Details
-
Story
-
Resolution: Won't Do
-
Undefined
-
None
-
None
-
False
-
False
Description
Spike User Stories
As a developer building applications on OpenShift
I want to have access to RHEL subscription content in builds
So that I can install RPMs in my application which require a Red Hat subscription
As a cluster admin with 3rd party tenant users
I do not want to expose my RHEL content access certificate to users
So that third parties use my certificate to access RHEL content in violation of our contract with Red Hat.
As a cluster administrator
I want to control which namespaces and service accounts have access to the RHEL content access certificate
So that only users with permission to consume RHEL content can do so.
Acceptance Criteria
Answer the following:
1. Should we have a well known `SharedSecret` which is created along with the cluster simple content access certificate? Not by default, this should require some form of config to be set to true.
2. Should there be default RBAC associated with this `SharedSecret`? For instance, should all `builder` service accounts have permission to use the well known `SharedSecret`? Not by default, though there should be some form of config to set this to true.
3. If yes to 1 and 2, which component(s) should be responsible for creating the well known secret and associated RBAC? TBD, likely a combination of the Insights Operator and openshift-controller-manager-operator.
We need to update our EPs for subscription content access so the process is clear and coherent.
Docs Impact
None
PX Impact
None
QE Impact
None
Notes
Some customers run OpenShift as a service for other users (multi-tenant).
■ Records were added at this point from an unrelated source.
(* Let $n\ge 0$ be an even integer and $p\in\Gamma_n$. Then $\mathrm{Sub}(p)=\{\sigma_{n-1}(p),\pi_{n-1}(p)\}$; that is, the only occurrences of $(n-1)$-ambiguities in $p$ are the suffix $\sigma_{n-1}(p)$ and the prefix $\pi_{n-1}(p)$ (and these two are distinct).
   Context: Let $\Bbbk$ be a field, $Q=(Q_0,Q_1,s,t)$ a finite quiver, and $A=\Bbbk Q/I$ a finite-dimensional monomial algebra, i.e. $I$ is an ideal generated by paths of length at least $2$. Paths are written from right to left: a path is $p=\alpha_n\cdots\alpha_1$ with arrows $\alpha_i$ and $t(\alpha_i)=s(\alpha_{i+1})$; vertices are the paths of length $0$ (trivial paths, also denoted $1$); $qp$ denotes concatenation when $t(p)=s(q)$. Let $\mathcal B$ be the set of paths not lying in $I$. If $p=bqa$ for paths $a,b,q$, then $q$ is a divisor of $p$; we write $q\le p$ to mean that $q$ is a divisor of $p$ at a fixed position (an occurrence), and then $\mathrm{pre}_p(q):=a$, $\mathrm{suf}_p(q):=b$. If $b$ is trivial, $q$ is a suffix; if $a$ is trivial, $q$ is a prefix; proper means $q\neq p$, written $q\lneq p$. For $n\ge -1$, a left $n$-ambiguity is a path $p$ with a decomposition $p=u_{-1}u_0u_1\cdots u_n$ such that $u_{-1}\in Q_0$, $u_0\in Q_1$, $u_i\in\mathcal B$ for all $i$, and for every $0\le i\le n-1$, $u_iu_{i+1}\in I$ while no proper suffix of $u_iu_{i+1}$ lies in $I$ (one writes $p=u_0\cdots u_n$). A right $n$-ambiguity is a path with a decomposition $p=v_n\cdots v_0v_{-1}$ with $v_{-1}\in Q_0$, $v_0\in Q_1$, $v_i\in\mathcal B$, and for $0\le i\le n-1$, $v_{i+1}v_i\in I$ while no proper prefix of $v_{i+1}v_i$ lies in $I$. A path is a left $n$-ambiguity iff it is a right $n$-ambiguity; such paths are called $n$-ambiguities, and $\Gamma_n$ denotes their set. Both decompositions of an $n$-ambiguity are unique. For $p\in\Gamma_n$ with left decomposition $u_0\cdots u_n$ and right decomposition $v_n\cdots v_0$, and $-1\le m\le n$, set $\sigma_m(p):=u_0\cdots u_m$ (a suffix of $p$ which is an $m$-ambiguity) and $\pi_m(p):=v_m\cdots v_0$ (a prefix of $p$ which is an $m$-ambiguity). For $p\in\Gamma_n$, $\mathrm{Sub}(p):=\{q\in\Gamma_{n-1}: q\le p\}$ is the set of occurrences of $(n-1)$-ambiguities in $p$. *)

theory Defs
  imports Main
begin

record ('v, 'a) quiver =
  verts :: "'v set"
  arrs  :: "'a set"
  srcA  :: "'a \<Rightarrow> 'v"
  tgtA  :: "'a \<Rightarrow> 'v"

text \<open>A path is a pair (w, v): w is the list of arrows in WRITTEN order
  (paths are written right to left, so hd w is the last arrow traversed and
  last w the first one), and v is the source vertex s(p) of the path.
  The trivial path at a vertex v is ([], v).\<close>

type_synonym ('a, 'v) qpath = "'a list \<times> 'v"

definition plen :: "('a, 'v) qpath \<Rightarrow> nat" where
  "plen p = length (fst p)"

definition psrc :: "('a, 'v) qpath \<Rightarrow> 'v" where
  "psrc p = snd p"

definition ptgt :: "('v, 'a, 'b) quiver_scheme \<Rightarrow> ('a, 'v) qpath \<Rightarrow> 'v" where
  "ptgt Q p = (if fst p = [] then snd p else tgtA Q (hd (fst p)))"

definition is_path :: "('v, 'a, 'b) quiver_scheme \<Rightarrow> ('a, 'v) qpath \<Rightarrow> bool" where
  "is_path Q p \<longleftrightarrow> snd p \<in> verts Q \<and> set (fst p) \<subseteq> arrs Q
     \<and> (fst p \<noteq> [] \<longrightarrow> srcA Q (last (fst p)) = snd p)
     \<and> (\<forall>i. Suc i < length (fst p) \<longrightarrow> srcA Q (fst p ! i) = tgtA Q (fst p ! Suc i))"

definition finite_quiver :: "('v, 'a, 'b) quiver_scheme \<Rightarrow> bool" where
  "finite_quiver Q \<longleftrightarrow> finite (verts Q) \<and> finite (arrs Q)
     \<and> (\<forall>a\<in>arrs Q. srcA Q a \<in> verts Q \<and> tgtA Q a \<in> verts Q)"

text \<open>Concatenation qp (p first, then q), meaningful when t(p) = s(q).\<close>
definition pcat :: "('a, 'v) qpath \<Rightarrow> ('a, 'v) qpath \<Rightarrow> ('a, 'v) qpath" where
  "pcat q p = (fst q @ fst p, snd p)"

text \<open>Vertex of p at position k (k = 0: target of p, k = plen p: source of p).\<close>
definition vertex_at :: "('v, 'a, 'b) quiver_scheme \<Rightarrow> ('a, 'v) qpath \<Rightarrow> nat \<Rightarrow> 'v" where
  "vertex_at Q p k = (if k < plen p then tgtA Q (fst p ! k) else snd p)"

text \<open>Occurrence of q as a divisor of p at (written) offset i, i.e. p = b q a
  with plen b = i.  Offset 0 means q is a suffix (b trivial); offset
  plen p - plen q means q is a prefix (a trivial).\<close>
definition occ_at :: "('v, 'a, 'b) quiver_scheme \<Rightarrow> ('a, 'v) qpath \<Rightarrow> nat \<Rightarrow> ('a, 'v) qpath \<Rightarrow> bool" where
  "occ_at Q q i p \<longleftrightarrow> is_path Q q \<and> is_path Q p \<and> i + plen q \<le> plen p
     \<and> fst q = take (plen q) (drop i (fst p))
     \<and> snd q = vertex_at Q p (i + plen q)"

definition is_suffix :: "('v, 'a, 'b) quiver_scheme \<Rightarrow> ('a, 'v) qpath \<Rightarrow> ('a, 'v) qpath \<Rightarrow> bool" where
  "is_suffix Q q p \<longleftrightarrow> occ_at Q q 0 p"

definition is_prefix :: "('v, 'a, 'b) quiver_scheme \<Rightarrow> ('a, 'v) qpath \<Rightarrow> ('a, 'v) qpath \<Rightarrow> bool" where
  "is_prefix Q q p \<longleftrightarrow> occ_at Q q (plen p - plen q) p"

definition inI :: "('v, 'a, 'b) quiver_scheme \<Rightarrow> ('a, 'v) qpath set \<Rightarrow> ('a, 'v) qpath \<Rightarrow> bool" where
  "inI Q R p \<longleftrightarrow> is_path Q p \<and> (\<exists>r\<in>R. \<exists>i. occ_at Q r i p)"

definition Bset :: "('v, 'a, 'b) quiver_scheme \<Rightarrow> ('a, 'v) qpath set \<Rightarrow> ('a, 'v) qpath set" where
  "Bset Q R = {p. is_path Q p \<and> \<not> inI Q R p}"

text \<open>Standing hypotheses: finite quiver, ideal generated by paths of length
  \<ge> 2, and A = kQ/I finite dimensional (i.e. the basis B is finite).\<close>
definition monomial_setting :: "('v, 'a, 'b) quiver_scheme \<Rightarrow> ('a, 'v) qpath set \<Rightarrow> bool" where
  "monomial_setting Q R \<longleftrightarrow> finite_quiver Q
     \<and> (\<forall>r\<in>R. is_path Q r \<and> plen r \<ge> 2) \<and> finite (Bset Q R)"

text \<open>Product of a composable list of paths [x_1, ..., x_k] = x_1 x_2 ... x_k
  (written order; x_k traversed first).\<close>
definition composable :: "('v, 'a, 'b) quiver_scheme \<Rightarrow> ('a, 'v) qpath list \<Rightarrow> bool" where
  "composable Q xs \<longleftrightarrow> xs \<noteq> [] \<and> (\<forall>x\<in>set xs. is_path Q x)
     \<and> (\<forall>i. Suc i < length xs \<longrightarrow> ptgt Q (xs ! Suc i) = psrc (xs ! i))"

definition pprod :: "('a, 'v) qpath list \<Rightarrow> ('a, 'v) qpath" where
  "pprod xs = (concat (map fst xs), snd (last xs))"

text \<open>Left n-ambiguity decomposition p = u_{-1} u_0 ... u_n, n \<ge> -1,
  encoded as a list us with us ! k = u_{k-1}.\<close>
definition left_decomp :: "('v, 'a, 'b) quiver_scheme \<Rightarrow> ('a, 'v) qpath set \<Rightarrow> int
    \<Rightarrow> ('a, 'v) qpath \<Rightarrow> ('a, 'v) qpath list \<Rightarrow> bool" where
  "left_decomp Q R n p us \<longleftrightarrow> n \<ge> -1 \<and> int (length us) = n + 2
     \<and> composable Q us \<and> p = pprod us
     \<and> plen (us ! 0) = 0
     \<and> (length us \<ge> 2 \<longrightarrow> plen (us ! 1) = 1)
     \<and> (\<forall>x\<in>set us. x \<in> Bset Q R)
     \<and> (\<forall>k. 1 \<le> k \<and> Suc k < length us \<longrightarrow>
          inI Q R (pcat (us ! k) (us ! Suc k))
          \<and> (\<forall>q. is_suffix Q q (pcat (us ! k) (us ! Suc k))
                 \<and> q \<noteq> pcat (us ! k) (us ! Suc k) \<longrightarrow> \<not> inI Q R q))"

text \<open>Right n-ambiguity decomposition p = v_n ... v_0 v_{-1},
  encoded as a list vs with vs ! k = v_{k-1}, so p = pprod (rev vs).\<close>
definition right_decomp :: "('v, 'a, 'b) quiver_scheme \<Rightarrow> ('a, 'v) qpath set \<Rightarrow> int
    \<Rightarrow> ('a, 'v) qpath \<Rightarrow> ('a, 'v) qpath list \<Rightarrow> bool" where
  "right_decomp Q R n p vs \<longleftrightarrow> n \<ge> -1 \<and> int (length vs) = n + 2
     \<and> composable Q (rev vs) \<and> p = pprod (rev vs)
     \<and> plen (vs ! 0) = 0
     \<and> (length vs \<ge> 2 \<longrightarrow> plen (vs ! 1) = 1)
     \<and> (\<forall>x\<in>set vs. x \<in> Bset Q R)
     \<and> (\<forall>k. 1 \<le> k \<and> Suc k < length vs \<longrightarrow>
          inI Q R (pcat (vs ! Suc k) (vs ! k))
          \<and> (\<forall>q. is_prefix Q q (pcat (vs ! Suc k) (vs ! k))
                 \<and> q \<noteq> pcat (vs ! Suc k) (vs ! k) \<longrightarrow> \<not> inI Q R q))"

definition Gamma :: "('v, 'a, 'b) quiver_scheme \<Rightarrow> ('a, 'v) qpath set \<Rightarrow> int \<Rightarrow> ('a, 'v) qpath set" where
  "Gamma Q R n = {p. \<exists>us. left_decomp Q R n p us}"
(* Let $\Sigma=(\mathbf{x},\mathbf{F})$ be an LP seed of rank $n\ge2$ satisfying Condition 1.2. Then $$R[x_1,x_2^{\pm1},\dots,x_n^{\pm1}]\cap R[x_1^{\pm1},x_2,x'_2,\dots,x_n,x'_n]=R[x_1,x_2,x'_2,\dots,x_n,x'_n].$$
   Context: $R$ is a unique factorization domain containing $\mathbb{Z}$ and $\mathcal{F}$ is the field of rational functions in $n$ variables over $\mathrm{Frac}(R)$; all rings are subrings of $\mathcal{F}$. An LP seed of rank $n$ is a pair $(\mathbf{x},\mathbf{F})$ where $\mathbf{x}=\{x_1,\dots,x_n\}$ is a transcendence basis of $\mathcal{F}$ over $\mathrm{Frac}(R)$ and $\mathbf{F}=\{F_1,\dots,F_n\}$ are irreducible polynomials in $R[x_1,\dots,x_n]$ with $x_j\nmid F_i$ for all $i,j$ and $F_i$ not involving $x_i$. The exchange Laurent polynomial is $\hat F_j=F_j/\prod_{k\neq j}x_k^{a_k}$, with $a_k\in\mathbb{Z}_{\ge0}$ maximal such that $F_k^{a_k}$ divides $F_j|_{x_k\leftarrow F_k/x'_k}$ in $R[x_1,\dots,x_{k-1},(x'_k)^{-1},x_{k+1},\dots,x_n]$. Set $x'_j=\hat F_j/x_j$. Lexicographic order on $\mathbb{Z}^n$: $\mathbf{a}\prec\mathbf{a}'$ if the first nonzero entry of $\mathbf{a}'-\mathbf{a}$ is positive; the lexicographically first monomial of a polynomial is its term with $\prec$-smallest exponent vector. Condition 1.2: for every $k\in[1,n]$, with $M_k$ the lexicographically first monomial of $F_k$: (i) $\hat F_k=F_k$; (ii) $M_k=x_{k+1}^{v_{k+1,k}}\cdots x_n^{v_{n,k}}$ (coefficient $1$) with $v_{\cdot,k}\in\mathbb{Z}_{\ge0}$ for $k\in[1,n-1]$, and $M_n=1$; (iii) if $k\ne1$ and $F_k$ involves $x_1$, then every monomial of $F_k-M_k$ is divisible by $x_1$; (iv) if $k\notin\{1,2\}$, $F_k$ does not involve $x_1$, and there is $i\in[2,k-1]$ such that $x_k$ divides $M_i$, then every monomial of $F_k-M_k$ is divisible by $x_i$. *)

theory Defs
  imports "HOL-Library.Poly_Mapping" "HOL-Computational_Algebra.Factorial_Ring"
begin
Their entitlement should not be shared by default since the entitlement does not belong to the end user.
The creation of the `SharedSecret` that exposes the simple content access certificate should be a day 2 action. Similar story with creating the RBAC for all builder service accounts. The Insights operator has configuration which prevents the downloading of the SCA certificate - this is something we can take advantage of or build on top of.
Safest course is to ensure that this capability is opt-in. The global opt in process should be simple - for example, changing an OpenShift cluster config API.
We should also have a "plan B" approach where service accounts can opt into using the SharedSecret on a namespace/service account level.